## Clinometer Project and Homework 4.docx - Section 5: Closure

*Clinometer Project and Homework 4.docx*

# Clinometer Project (Day 1 of 2)

Lesson 6 of 17

## Objective: SWBAT use trigonometric ratios to solve real-world measurement problems.

## Big Idea: Students build clinometers in preparation for indirectly measuring the height of objects that we would not normally be able to measure.

*50 minutes*

#### Warm-up

*5 min*

Today's warm-up question is located on page 2 of Clinometer Project Day 1. This question will test whether students can extend their current knowledge of right triangle trigonometry to a real world situation. It is also introducing students to the type of measurement problems they will be tackling during the Clinometer Project.

If I think my students are up for a challenge, I may hide the picture on the task and see if my students can come up with a sketch on their own. I have included the diagram in case I feel my students needed to see the problem, rather than just read about it.

*expand content*

#### Homework Quiz

*10 min*

After today's warm-up I am going to have students complete the Homework Quiz #1-3. The quiz is a random sampling of questions to quickly assess student’s current progress with right triangle trig.
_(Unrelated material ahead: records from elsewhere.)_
(* Let $R$ be a principal ideal domain and $I$ an ideal of $R[X]$ with $I\cap R = Rd$. If the image of $I$ in $(R/dR)[X]$ is generated by a single element which is a non-zero-divisor of $(R/dR)[X]$, then $I$ is power stable.
   Context: An ideal $I$ of the polynomial ring $R[X]$ over an integral domain $R$ is called power stable if $I^t\cap R = (I\cap R)^t$ for all integers $t\geq 1$. *)

theory Defs
  imports "HOL-Computational_Algebra.Polynomial"
begin

definition is_ideal :: "'a::comm_ring_1 set \<Rightarrow> bool" where
  "is_ideal I \<longleftrightarrow> 0 \<in> I \<and> (\<forall>x\<in>I. \<forall>y\<in>I. x + y \<in> I) \<and> (\<forall>r x. x \<in> I \<longrightarrow> r * x \<in> I)"

definition ideal_of :: "'a::comm_ring_1 set \<Rightarrow> 'a set" where
  "ideal_of S = \<Inter>{J. is_ideal J \<and> S \<subseteq> J}"

definition ideal_mult :: "'a::comm_ring_1 set \<Rightarrow> 'a set \<Rightarrow> 'a set" where
  "ideal_mult I J = ideal_of {x * y | x y. x \<in> I \<and> y \<in> J}"

fun ideal_pow :: "'a::comm_ring_1 set \<Rightarrow> nat \<Rightarrow> 'a set" where
  "ideal_pow I 0 = UNIV"
| "ideal_pow I (Suc n) = ideal_mult I (ideal_pow I n)"

definition principal :: "'a::comm_ring_1 \<Rightarrow> 'a set" where
  "principal a = {a * r | r. True}"

definition is_PID :: "'a::idom itself \<Rightarrow> bool" where
  "is_PID _ \<longleftrightarrow> (\<forall>I::'a set. is_ideal I \<longrightarrow> (\<exists>a. I = principal a))"

text \<open>Contraction I \<inter> R of an ideal of R[X] to R (constants identified with R).\<close>
definition contr :: "'a::comm_ring_1 poly set \<Rightarrow> 'a set" where
  "contr I = {c. [:c:] \<in> I}"

definition power_stable :: "'a::comm_ring_1 poly set \<Rightarrow> bool" where
  "power_stable I \<longleftrightarrow> (\<forall>t::nat. t \<ge> 1 \<longrightarrow> contr (ideal_pow I t) = ideal_pow (contr I) t)"

text \<open>The kernel d R[X] of the reduction map R[X] \<rightarrow> (R/dR)[X].\<close>
definition dRX :: "'a::comm_ring_1 \<Rightarrow> 'a poly set" where
  "dRX d = {smult d h | h. True}"

text \<open>The image of I in (R/dR)[X] is generated by the class of f:
  equivalently I + dR[X] = f R[X] + dR[X].\<close>
definition image_generated_by :: "'a::comm_ring_1 poly set \<Rightarrow> 'a \<Rightarrow> 'a poly \<Rightarrow> bool" where
  "image_generated_by I d f \<longleftrightarrow>
     {a + b | a b. a \<in> I \<and> b \<in> dRX d} = {f * q + b | q b. b \<in> dRX d}"

text \<open>The class of f is a non-zero-divisor of (R/dR)[X].\<close>
definition nzd_mod :: "'a::comm_ring_1 \<Rightarrow> 'a poly \<Rightarrow> bool" where
  "nzd_mod d f \<longleftrightarrow> (\<forall>g. g * f \<in> dRX d \<longrightarrow> g \<in> dRX d)"

end

theory Submission
  imports Defs
begin

(*
  Pick a polynomial f \<in> I whose class generates the image of I in (R/dR)[X];
  then I \<subseteq> f R[X] + dR[X], and f is still a non-zero-divisor modulo d, hence so is
  every power f^n.  An induction on products shows
      I^(n+1) \<subseteq> f^(n+1) R[X] + d I^n.
  Now let c \<in> I^(n+1) \<inter> R, written c = f^(n+1) g + d w with w \<in> I^n.  Since c \<in> I \<inter> R = dR,
  the term f^(n+1) g lies in dR[X], so d divides g, and c = d w' with w' \<in> I^n.  Comparing
  degrees, w' is a constant, so it lies in I^n \<inter> R = d^n R by induction and c \<in> d^(n+1) R.
  Together with the trivial inclusion this gives I^t \<inter> R = (dR)^t for all t, i.e. power
  stability.  The argument only needs R to be an integral domain.
*)

lemma ideal_of_is_ideal: "is_ideal (ideal_of S)"
  unfolding is_ideal_def ideal_of_def by auto

lemma ideal_of_superset: "S \<subseteq> ideal_of S"
  unfolding ideal_of_def by auto

lemma ideal_of_least: "is_ideal J \<Longrightarrow> S \<subseteq> J \<Longrightarrow> ideal_of S \<subseteq> J"
  unfolding ideal_of_def by auto

lemma ideal_zero: "is_ideal I \<Longrightarrow> 0 \<in> I"
  unfolding is_ideal_def by auto

lemma ideal_add: "is_ideal I \<Longrightarrow> x \<in> I \<Longrightarrow> y \<in> I \<Longrightarrow> x + y \<in> I"
  unfolding is_ideal_def by auto

lemma ideal_mult_left: "is_ideal I \<Longrightarrow> x \<in> I \<Longrightarrow> r * x \<in> I"
  unfolding is_ideal_def by auto

lemma ideal_mult_right: "is_ideal I \<Longrightarrow> x \<in> I \<Longrightarrow> x * r \<in> I"
  unfolding is_ideal_def by (auto simp: mult.commute)

lemma ideal_mult_mem: "x \<in> I \<Longrightarrow> y \<in> J \<Longrightarrow> x * y \<in> ideal_mult I J"
  unfolding ideal_mult_def by (rule subsetD[OF ideal_of_superset]) blast

lemma ideal_mult_subset: "is_ideal I \<Longrightarrow> ideal_mult I J \<subseteq> I"
  unfolding ideal_mult_def by (rule ideal_of_least) (auto intro: ideal_mult_right)

lemma ideal_pow_is_ideal: "is_ideal (ideal_pow I n)"
  by (cases n) (simp_all add: is_ideal_def[of UNIV] ideal_mult_def ideal_of_is_ideal)

lemma ideal_pow_Suc_subset: "is_ideal I \<Longrightarrow> ideal_pow I (Suc n) \<subseteq> I"
  by (simp add: ideal_mult_subset)

lemma power_mem_ideal_pow: "f \<in> I \<Longrightarrow> f ^ n \<in> ideal_pow I n"
  by (induction n) (auto intro: ideal_mult_mem)

lemma principal_is_ideal: "is_ideal (principal a)"
  unfolding is_ideal_def principal_def
  by (auto simp: algebra_simps)
     (metis mult_zero_left, metis distrib_right, metis mult.assoc)

lemma generator_mem_principal: "a \<in> principal a"
  unfolding principal_def by (auto intro: exI[of _ 1])

lemma principal_pow: "ideal_pow (principal a) t = principal (a ^ t)"
proof (induction t)
  case 0
  then show ?case by (auto simp: principal_def)
next
  case (Suc n)
  have "ideal_mult (principal a) (principal (a ^ n)) \<subseteq> principal (a ^ Suc n)"
    unfolding ideal_mult_def
  proof (rule ideal_of_least[OF principal_is_ideal], clarify)
    fix x y assume "x \<in> principal a" "y \<in> principal (a ^ n)"
    then obtain r s where "x = a * r" "y = a ^ n * s" by (auto simp: principal_def)
    then have "x * y = a ^ Suc n * (r * s)" by (simp add: algebra_simps)
    then show "x * y \<in> principal (a ^ Suc n)" by (auto simp: principal_def)
  qed
  moreover have "principal (a ^ Suc n) \<subseteq> ideal_mult (principal a) (principal (a ^ n))"
  proof
    fix x assume "x \<in> principal (a ^ Suc n)"
    then obtain r where "x = a * (a ^ n * r)" by (auto simp: principal_def algebra_simps)
    moreover have "a ^ n * r \<in> principal (a ^ n)" unfolding principal_def by blast
    ultimately show "x \<in> ideal_mult (principal a) (principal (a ^ n))"
      using ideal_mult_mem[OF generator_mem_principal] by metis
  qed
  ultimately show ?case using Suc by simp
qed

lemma generator_in_ideal:
  fixes I :: "'a::comm_ring_1 poly set"
  assumes gen: "image_generated_by I d f0"
  obtains f h0 where "f \<in> I" "f0 = f + smult d h0"
    and "\<forall>x\<in>I. \<exists>q h. x = f * q + smult d h"
proof -
  have "f0 * 1 + smult d 0 \<in> {f0 * q + b | q b. b \<in> dRX d}" unfolding dRX_def by blast
  then have "f0 \<in> {a + b | a b. a \<in> I \<and> b \<in> dRX d}"
    using gen unfolding image_generated_by_def by simp
  then obtain f h0 where f: "f \<in> I" and f0: "f0 = f + smult d h0" unfolding dRX_def by blast
  have "\<exists>q h. x = f * q + smult d h" if "x \<in> I" for x
  proof -
    have "x + smult d 0 \<in> {a + b | a b. a \<in> I \<and> b \<in> dRX d}"
      using that unfolding dRX_def by blast
    then have "x \<in> {f0 * q + b | q b. b \<in> dRX d}"
      using gen unfolding image_generated_by_def by simp
    then obtain q h where "x = f0 * q + smult d h" unfolding dRX_def by blast
    then have "x = f * q + smult d (h0 * q + h)"
      by (simp add: f0 algebra_simps smult_add_right)
    then show ?thesis by blast
  qed
  with f f0 that show ?thesis by blast
qed

lemma nzd_mod_congruent:
  fixes f :: "'a::comm_ring_1 poly"
  assumes "nzd_mod d f0" and "f0 = f + smult d h0"
  shows "nzd_mod d f"
  unfolding nzd_mod_def
proof (intro allI impI)
  fix g assume "g * f \<in> dRX d"
  then obtain k where "g * f = smult d k" unfolding dRX_def by blast
  then have "g * f0 = smult d (k + g * h0)"
    by (simp add: assms(2) algebra_simps smult_add_right)
  then show "g \<in> dRX d" using assms(1) unfolding nzd_mod_def dRX_def by blast
qed

lemma nzd_mod_power:
  assumes "nzd_mod d f"
  shows "g * f ^ n \<in> dRX d \<Longrightarrow> g \<in> dRX d"
proof (induction n arbitrary: g)
  case 0
  then show ?case by simp
next
  case (Suc n)
  then have "(g * f) * f ^ n \<in> dRX d" by (simp add: algebra_simps)
  then have "g * f \<in> dRX d" using Suc.IH by blast
  then show ?case using assms unfolding nzd_mod_def by blast
qed

definition shifted_sum :: "'a::comm_ring_1 poly \<Rightarrow> nat \<Rightarrow> 'a \<Rightarrow> 'a poly set \<Rightarrow> 'a poly set" where
  "shifted_sum f k d J = {f ^ k * g + smult d w | g w. w \<in> J}"

lemma shifted_sum_is_ideal:
  assumes J: "is_ideal J"
  shows "is_ideal (shifted_sum f k d J)"
  unfolding is_ideal_def shifted_sum_def
proof (intro conjI ballI allI impI)
  show "0 \<in> {f ^ k * g + smult d w | g w. w \<in> J}"
    using ideal_zero[OF J] by (intro CollectI exI[of _ 0]) auto
next
  fix x y assume "x \<in> {f ^ k * g + smult d w | g w. w \<in> J}"
    and "y \<in> {f ^ k * g + smult d w | g w. w \<in> J}"
  then obtain g1 w1 g2 w2 where "x = f ^ k * g1 + smult d w1" "w1 \<in> J"
    and "y = f ^ k * g2 + smult d w2" "w2 \<in> J" by blast
  then have "x + y = f ^ k * (g1 + g2) + smult d (w1 + w2)" "w1 + w2 \<in> J"
    using ideal_add[OF J] by (auto simp: algebra_simps smult_add_right)
  then show "x + y \<in> {f ^ k * g + smult d w | g w. w \<in> J}" by blast
next
  fix r x assume "x \<in> {f ^ k * g + smult d w | g w. w \<in> J}"
  then obtain g1 w1 where "x = f ^ k * g1 + smult d w1" and w1: "w1 \<in> J" by blast
  then have "r * x = f ^ k * (r * g1) + smult d (r * w1)" by (simp add: algebra_simps)
  moreover have "r * w1 \<in> J" using ideal_mult_left[OF J w1] .
  ultimately show "r * x \<in> {f ^ k * g + smult d w | g w. w \<in> J}" by blast
qed

lemma ideal_pow_decomposition:
  fixes I :: "'a::comm_ring_1 poly set"
  assumes I: "is_ideal I" and f: "f \<in> I"
    and gen: "\<forall>x\<in>I. \<exists>q h. x = f * q + smult d h"
  shows "ideal_pow I (Suc n) \<subseteq> shifted_sum f (Suc n) d (ideal_pow I n)"
proof (induction n)
  case 0
  have "x \<in> shifted_sum f 1 d UNIV" if "x \<in> I" for x
    using gen that unfolding shifted_sum_def by auto
  then show ?case using ideal_pow_Suc_subset[OF I, of 0] by auto
next
  case (Suc m)
  let ?J = "ideal_pow I (Suc m)"
  have "x * y \<in> shifted_sum f (Suc (Suc m)) d ?J" if x: "x \<in> I" and y: "y \<in> ?J" for x y
  proof -
    obtain q h where xq: "x = f * q + smult d h" using gen x by blast
    obtain g w where yq: "y = f ^ Suc m * g + smult d w" and w: "w \<in> ideal_pow I m"
      using Suc.IH y unfolding shifted_sum_def by blast
    have "f * (q * w) \<in> ?J"
      using ideal_mult_mem[OF f ideal_mult_left[OF ideal_pow_is_ideal w]] by simp
    moreover have "h * y \<in> ?J" using ideal_mult_left[OF ideal_pow_is_ideal y] .
    ultimately have "f * (q * w) + h * y \<in> ?J" using ideal_add[OF ideal_pow_is_ideal] by blast
    moreover have "x * y = f ^ Suc (Suc m) * (q * g) + smult d (f * (q * w) + h * y)"
      unfolding xq yq by (simp add: algebra_simps smult_add_right)
    ultimately show ?thesis unfolding shifted_sum_def by blast
  qed
  then show ?case
    unfolding ideal_pow.simps(2)[of I "Suc m"] ideal_mult_def
    by (intro ideal_of_least shifted_sum_is_ideal ideal_pow_is_ideal) auto
qed

lemma smult_eq_const:
  fixes w :: "'a::idom poly"
  assumes "d \<noteq> 0" and "[:c:] = smult d w"
  shows "w = [:coeff w 0:]"
proof -
  have "degree w = 0" using arg_cong[OF assms(2), of degree] assms(1) by simp
  then show ?thesis by (rule degree_0_id[symmetric])
qed

lemma contr_ideal_pow_Suc_subset:
  fixes I :: "'a::idom poly set"
  assumes I: "is_ideal I" and f: "f \<in> I"
    and gen: "\<forall>x\<in>I. \<exists>q h. x = f * q + smult d h"
    and nzd: "nzd_mod d f"
    and contr_I: "contr I = principal d"
    and IH: "contr (ideal_pow I n) = principal (d ^ n)"
  shows "contr (ideal_pow I (Suc n)) \<subseteq> principal (d ^ Suc n)"
proof
  fix c assume "c \<in> contr (ideal_pow I (Suc n))"
  then have cI: "[:c:] \<in> ideal_pow I (Suc n)" by (simp add: contr_def)
  obtain g w where cgw: "[:c:] = f ^ Suc n * g + smult d w" and w: "w \<in> ideal_pow I n"
    using ideal_pow_decomposition[OF I f gen] cI unfolding shifted_sum_def by blast
  have "c \<in> principal d"
    using cI ideal_pow_Suc_subset[OF I] contr_I unfolding contr_def by blast
  then obtain r where cr: "c = d * r" by (auto simp: principal_def)
  text \<open>The term \<open>f^(n+1) g\<close> vanishes modulo \<open>d\<close>, so \<open>d\<close> divides \<open>g\<close>.\<close>
  have "g * f ^ Suc n = smult d ([:r:] - w)"
    using cgw by (simp add: cr algebra_simps smult_diff_right)
  then have "g * f ^ Suc n \<in> dRX d" unfolding dRX_def by blast
  then obtain g' where g': "g = smult d g'" using nzd_mod_power[OF nzd] unfolding dRX_def by blast
  define w' where "w' = f ^ Suc n * g' + w"
  have "f ^ n * (f * g') \<in> ideal_pow I n"
    by (rule ideal_mult_right[OF ideal_pow_is_ideal power_mem_ideal_pow[OF f]])
  then have w': "w' \<in> ideal_pow I n"
    unfolding w'_def using ideal_add[OF ideal_pow_is_ideal] w by (simp add: algebra_simps)
  have cw': "[:c:] = smult d w'"
    unfolding w'_def using cgw by (simp add: g' algebra_simps smult_add_right)
  show "c \<in> principal (d ^ Suc n)"
  proof (cases "d = 0")
    case True
    then show ?thesis using cr by (auto simp: principal_def)
  next
    case False
    then have "[:coeff w' 0:] \<in> ideal_pow I n" using smult_eq_const[OF _ cw'] w' by simp
    then obtain s where "coeff w' 0 = d ^ n * s" using IH by (auto simp: contr_def principal_def)
    moreover have "c = d * coeff w' 0" using arg_cong[OF cw', of "\<lambda>p. coeff p 0"] by simp
    ultimately show ?thesis by (auto simp: principal_def algebra_simps)
  qed
qed

lemma principal_pow_subset_contr:
  assumes I: "is_ideal I" and d: "[:d:] \<in> I"
  shows "principal (d ^ t) \<subseteq> contr (ideal_pow I t)"
proof
  fix c assume "c \<in> principal (d ^ t)"
  then obtain r where c: "c = d ^ t * r" by (auto simp: principal_def)
  have "[:d:] ^ t * [:r:] \<in> ideal_pow I t"
    using ideal_mult_right[OF ideal_pow_is_ideal power_mem_ideal_pow[OF d]] by blast
  then show "c \<in> contr (ideal_pow I t)" by (simp add: contr_def c poly_const_pow mult.commute)
qed

theorem theorem3p3:
  fixes I :: "'a::idom poly set" and d :: 'a
  assumes "is_PID TYPE('a)"
    and "is_ideal I"
    and "contr I = principal d"
    and "\<exists>f. image_generated_by I d f \<and> nzd_mod d f"
  shows "power_stable I"
proof -
  note I = assms(2) and contr_I = assms(3)
  obtain f0 where gen0: "image_generated_by I d f0" and nzd0: "nzd_mod d f0"
    using assms(4) by blast
  obtain f h0 where f: "f \<in> I" and f0: "f0 = f + smult d h0"
    and gen: "\<forall>x\<in>I. \<exists>q h. x = f * q + smult d h"
    using generator_in_ideal[OF gen0] by blast
  have nzd: "nzd_mod d f" using nzd_mod_congruent[OF nzd0 f0] .
  have d: "[:d:] \<in> I" using generator_mem_principal[of d] contr_I by (auto simp: contr_def)
  have "contr (ideal_pow I t) = principal (d ^ t)" for t
  proof (induction t)
    case 0
    then show ?case by (auto simp: contr_def principal_def)
  next
    case (Suc n)
    then show ?case
      using contr_ideal_pow_Suc_subset[OF I f gen nzd contr_I]
        principal_pow_subset_contr[OF I d] by blast
  qed
  then show ?thesis unfolding power_stable_def contr_I principal_pow by simp
qed

end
I use these quizzes to indicate if students are benefiting from doing their homework.

**Technology Note**: If you have a personal response systems the quiz is programmed into the Homework Quiz #1-3.flipchart file.

*expand content*

Using page 4 and 5 of today’s Flipchart_Clinometer Project Day 1, I am going to introduce the concept of indirect measurement. Using the Eiffel Tower problem on page 5, I am going to try to draw out of students the idea that they would be able to accurately measure the distance they are standing away from the Tower. Then, I'll say, "If only we had a way to calculate the angle of elevation from our eye level to the top of the tower, then it would be easy to calculate the height of the Eiffel Tower using right triangle trig."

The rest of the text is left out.